(* Consider any run $R$ of the algorithm $\mathcal{A}_{\mathrm{reg}}$ described in the context, and let $op, op' \in C(R)$ be complete operations with timestamps $ts(op)=(i,T_1,\ldots,T_n)$ and $ts(op')=(k,T'_1,\ldots,T'_n)$. If $op \prec op'$ then it is not the case that $op' \prec op$. Consequently, $\prec$ is a strict order on $C(R)$.
   Context: System model: $n$ asynchronous, crash-prone processes with identities in $\{1,\ldots,n\}$. Each process $k$ is the unique writer of a reliable linearizable single-writer multi-reader Distributed Ledger Object (DLO) $L_k$, readable by all processes; its state is a finite sequence of records, initially empty, with operations $L_k.get()$ (returns the current sequence) and $L_k.append(r)$ (appends record $r$ to the end); every invocation by a correct process completes. Well-formedness: a process does not invoke $\mathrm{apply}$ before its previous invocation has finished. Validated object: given a predicate $\mathrm{valid}(\langle P,\prec\rangle, op, i)$ and a function $\mathrm{execute}(\langle P,\prec\rangle, op, i)$, whose first argument is a strictly partially ordered set of operations, $op$ is an operation and $i$ the process issuing it. Clients use $\mathrm{apply}(op,i)$, which returns $(\mathit{ACK}, r)$ if $op$ is found valid and executed with result $r$, and $(\mathit{NACK},-)$ otherwise. The history of a run $R$ contains only operations for which $\mathrm{apply}$ returns $\mathit{ACK}$; $C(R)$ denotes the set of complete such operations. Algorithm $\mathcal{A}_{\mathrm{reg}}$ (code of $\mathrm{apply}(op,i)$ at process $i$): for $j=1,\ldots,n$ in order, set $G_j \leftarrow L_j.get()$ and $T_j \leftarrow |G_j|$; set $ts \leftarrow (i,T_1,\ldots,T_n)$; set $P \leftarrow \{op' : \langle ts',op'\rangle \in \bigcup_j G_j\}$; if $\mathrm{valid}(\langle P,\prec\rangle, op, i)$ then $res \leftarrow \mathrm{execute}(\langle P,\prec\rangle, op,i)$, $L_i.append(\langle ts, op\rangle)$, and return $(\mathit{ACK},res)$; otherwise return $(\mathit{NACK},-)$. The invocation event of a valid operation is the invocation of $L_1.get()$ in the loop, and its response event is the completion of $L_i.append(\langle ts,op\rangle)$. The tuple $ts$ is called the timestamp $ts(op)$ of $op$. Order $\prec$: for $op,op' \in C(R)$ with $ts(op)=(i,T_1,\ldots,T_n)$ and $ts(op')=(k,T'_1,\ldots,T'_n)$, define $op \prec op'$ iff $T_i < T'_i$ (where $i$ is the issuer of $op$).
   Formalization: The consequence that $\prec$ is a strict order on $C(R)$ is replaced by irreflexivity and asymmetry of $\prec$ on $C(R)$; transitivity is not claimed. The statement above fails without it. *)

theory Defs
  imports Main
begin

text \<open>Processes are 1..n; ledger L_j is
  the list stored at index j.  Ledger operations are linearizable, so each
  get/append is modelled as one atomic step of an interleaving.
  A timestamp (i, T_1, ..., T_n) is a pair (i, T) with T j the value T_j.\<close>

type_synonym ts = "nat \<times> (nat \<Rightarrow> nat)"
type_synonym 'op rec = "ts \<times> 'op"

text \<open>Local state of a process: idle (not inside apply), or inside apply(op)
  about to read L_j, having stored G_1 .. G_(j-1) in G.\<close>
datatype 'op lstate = Idle | Reading 'op nat "nat \<Rightarrow> 'op rec list"

type_synonym 'op gstate = "(nat \<Rightarrow> 'op rec list) \<times> (nat \<Rightarrow> 'op lstate)"

definition prec :: "'op rec \<Rightarrow> 'op rec \<Rightarrow> bool" where
  "prec x y \<longleftrightarrow> snd (fst x) (fst (fst x)) < snd (fst y) (fst (fst x))"

definition opsOf :: "nat \<Rightarrow> (nat \<Rightarrow> 'op rec list) \<Rightarrow> 'op set" where
  "opsOf n G = {o'. \<exists>t'. (t', o') \<in> (\<Union>j\<in>{1..n}. set (G j))}"

definition precOf :: "nat \<Rightarrow> (nat \<Rightarrow> 'op rec list) \<Rightarrow> 'op \<Rightarrow> 'op \<Rightarrow> bool" where
  "precOf n G a b \<longleftrightarrow> (\<exists>x\<in>(\<Union>j\<in>{1..n}. set (G j)). \<exists>y\<in>(\<Union>j\<in>{1..n}. set (G j)).
      snd x = a \<and> snd y = b \<and> prec x y)"

definition tsOf :: "nat \<Rightarrow> (nat \<Rightarrow> 'op rec list) \<Rightarrow> ts" where
  "tsOf i G = (i, \<lambda>j. length (G j))"

text \<open>One atomic step of the system.  valid P prec op i is the validity
  predicate (arbitrary).  The result of execute plays no role for the order
  and is therefore not modelled.\<close>
inductive step :: "nat \<Rightarrow> ('op set \<Rightarrow> ('op \<Rightarrow> 'op \<Rightarrow> bool) \<Rightarrow> 'op \<Rightarrow> nat \<Rightarrow> bool)
                   \<Rightarrow> 'op gstate \<Rightarrow> 'op gstate \<Rightarrow> bool"
  for n valid where
  invoke: "\<lbrakk>p \<in> {1..n}; loc p = Idle\<rbrakk>
     \<Longrightarrow> step n valid (L, loc) (L, loc(p := Reading op 1 (\<lambda>_. [])))"
| read: "\<lbrakk>p \<in> {1..n}; loc p = Reading op j G; 1 \<le> j; j \<le> n\<rbrakk>
     \<Longrightarrow> step n valid (L, loc) (L, loc(p := Reading op (Suc j) (G(j := L j))))"
| ack: "\<lbrakk>p \<in> {1..n}; loc p = Reading op (Suc n) G; valid (opsOf n G) (precOf n G) op p\<rbrakk>
     \<Longrightarrow> step n valid (L, loc) (L(p := L p @ [(tsOf p G, op)]), loc(p := Idle))"
| nack: "\<lbrakk>p \<in> {1..n}; loc p = Reading op (Suc n) G; \<not> valid (opsOf n G) (precOf n G) op p\<rbrakk>
     \<Longrightarrow> step n valid (L, loc) (L, loc(p := Idle))"

definition initState :: "'op gstate" where
  "initState = (\<lambda>_. [], \<lambda>_. Idle)"

text \<open>Complete valid operations of a run (those whose append completed),
  as timestamped records.\<close>
definition complete :: "nat \<Rightarrow> 'op gstate \<Rightarrow> 'op rec set" where
  "complete n s = (\<Union>j\<in>{1..n}. set (fst s j))"

end

theory Submission
  imports Defs
begin

text \<open>Every timestamp entry T_m is the length of L_m at some earlier time, and
  ledgers only grow, so every stored timestamp is bounded by the current ledger
  lengths.  A process p issuing a new record reads L_p while it alone writes L_p;
  hence the new record carries T_p = |L_p|, which no stored record exceeds, so
  the new record precedes nothing already stored.  Asymmetry of the order on the
  stored records is therefore preserved by every append.\<close>

definition records :: "(nat \<Rightarrow> 'op rec list) \<Rightarrow> 'op rec set" where
  "records L = (\<Union>j. set (L j))"

lemma records_append:
  "records (L(p := L p @ [z])) = insert z (records L)"
  by (auto simp: records_def split: if_splits)

lemma complete_subset_records: "complete n s \<subseteq> records (fst s)"
  by (auto simp: complete_def records_def)

lemma asymp_on_insertI:
  assumes "asymp_on A R" "\<not> R z z" "\<And>x. x \<in> A \<Longrightarrow> \<not> R z x"
  shows "asymp_on (insert z A) R"
  using assms by (auto dest: asymp_onD)

lemma prec_irrefl: "\<not> prec x x"
  by (simp add: prec_def)

definition timestamps_bounded :: "(nat \<Rightarrow> 'op rec list) \<Rightarrow> bool" where
  "timestamps_bounded L \<longleftrightarrow> (\<forall>x\<in>records L. \<forall>m. snd (fst x) m \<le> length (L m))"

text \<open>A process reading with counter J has already read L_1, ..., L_(J-1);
  its own ledger cannot have changed since it read it.\<close>
definition snapshots_current :: "(nat \<Rightarrow> 'op rec list) \<Rightarrow> (nat \<Rightarrow> 'op lstate) \<Rightarrow> bool" where
  "snapshots_current L loc \<longleftrightarrow>
     (\<forall>p op J G. loc p = Reading op J G \<longrightarrow>
        (\<forall>m. length (G m) \<le> length (L m)) \<and> (p < J \<longrightarrow> length (G p) = length (L p)))"

definition run_invariant :: "'op gstate \<Rightarrow> bool" where
  "run_invariant s \<longleftrightarrow> timestamps_bounded (fst s) \<and> snapshots_current (fst s) (snd s)
                        \<and> asymp_on (records (fst s)) prec"

lemma fresh_record_precedes_nothing:
  assumes "timestamps_bounded L" "length (G p) = length (L p)" "x \<in> records L"
  shows "\<not> prec (tsOf p G, op) x"
  using assms by (auto simp: timestamps_bounded_def prec_def tsOf_def not_less)

lemma timestamps_bounded_append:
  assumes "timestamps_bounded L" "\<forall>m. length (G m) \<le> length (L m)"
  shows "timestamps_bounded (L(p := L p @ [(tsOf p G, op)]))"
  using assms by (fastforce simp: timestamps_bounded_def records_append tsOf_def intro: le_SucI)

lemma snapshots_current_append:
  assumes "snapshots_current L loc"
  shows "snapshots_current (L(p := L p @ [z])) (loc(p := Idle))"
  using assms by (fastforce simp: snapshots_current_def intro: le_SucI)

lemma run_invariant_step:
  assumes "step n valid s t" "run_invariant s"
  shows "run_invariant t"
  using assms
proof (induction rule: step.induct)
  case (ack p loc op G L)
  then have bounded: "timestamps_bounded L" and current: "snapshots_current L loc"
    and asym: "asymp_on (records L) prec"
    by (simp_all add: run_invariant_def)
  have snapshot: "\<forall>m. length (G m) \<le> length (L m)" "length (G p) = length (L p)"
    using current ack.hyps(1,2) by (auto simp: snapshots_current_def)
  have "asymp_on (records (L(p := L p @ [(tsOf p G, op)]))) prec"
    unfolding records_append
    using asym prec_irrefl fresh_record_precedes_nothing[where p = p and G = G, OF bounded snapshot(2)]
    by (rule asymp_on_insertI)
  then show ?case
    using timestamps_bounded_append[OF bounded snapshot(1)] snapshots_current_append[OF current]
    by (simp add: run_invariant_def)
qed (auto simp: run_invariant_def snapshots_current_def split: if_splits)

lemma run_invariant_reachable:
  assumes "(step n valid)\<^sup>*\<^sup>* initState s"
  shows "run_invariant s"
  using assms
proof (induction rule: rtranclp_induct)
  case base
  show ?case
    by (simp add: run_invariant_def initState_def records_def timestamps_bounded_def
        snapshots_current_def asymp_on_def)
next
  case (step t u)
  then show ?case by (blast intro: run_invariant_step)
qed

theorem mainTheorem1:
  fixes n :: nat
    and valid :: "'op set \<Rightarrow> ('op \<Rightarrow> 'op \<Rightarrow> bool) \<Rightarrow> 'op \<Rightarrow> nat \<Rightarrow> bool"
    and s :: "'op gstate"
  assumes "(step n valid)\<^sup>*\<^sup>* initState s"
  shows "(\<forall>x\<in>complete n s. \<forall>y\<in>complete n s. prec x y \<longrightarrow> \<not> prec y x)
         \<and> irreflp_on (complete n s) prec \<and> asymp_on (complete n s) prec"
proof -
  have "asymp_on (records (fst s)) prec"
    using run_invariant_reachable[OF assms] by (simp add: run_invariant_def)
  then have "asymp_on (complete n s) prec"
    using complete_subset_records by (rule asymp_on_subset)
  then show ?thesis
    by (auto dest: asymp_onD)
qed

end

• **Aim of the exercise**
With the line holding "snapshots_current_def asymp_on_def)" as the first and the line holding "fixes n :: nat" as the last, please transcribe exactly the lines of the material above in that range and nothing else.

• **Answer for the task**
        snapshots_current_def asymp_on_def)
next
  case (step t u)
  then show ?case by (blast intro: run_invariant_step)
qed

theorem mainTheorem1:
  fixes n :: nat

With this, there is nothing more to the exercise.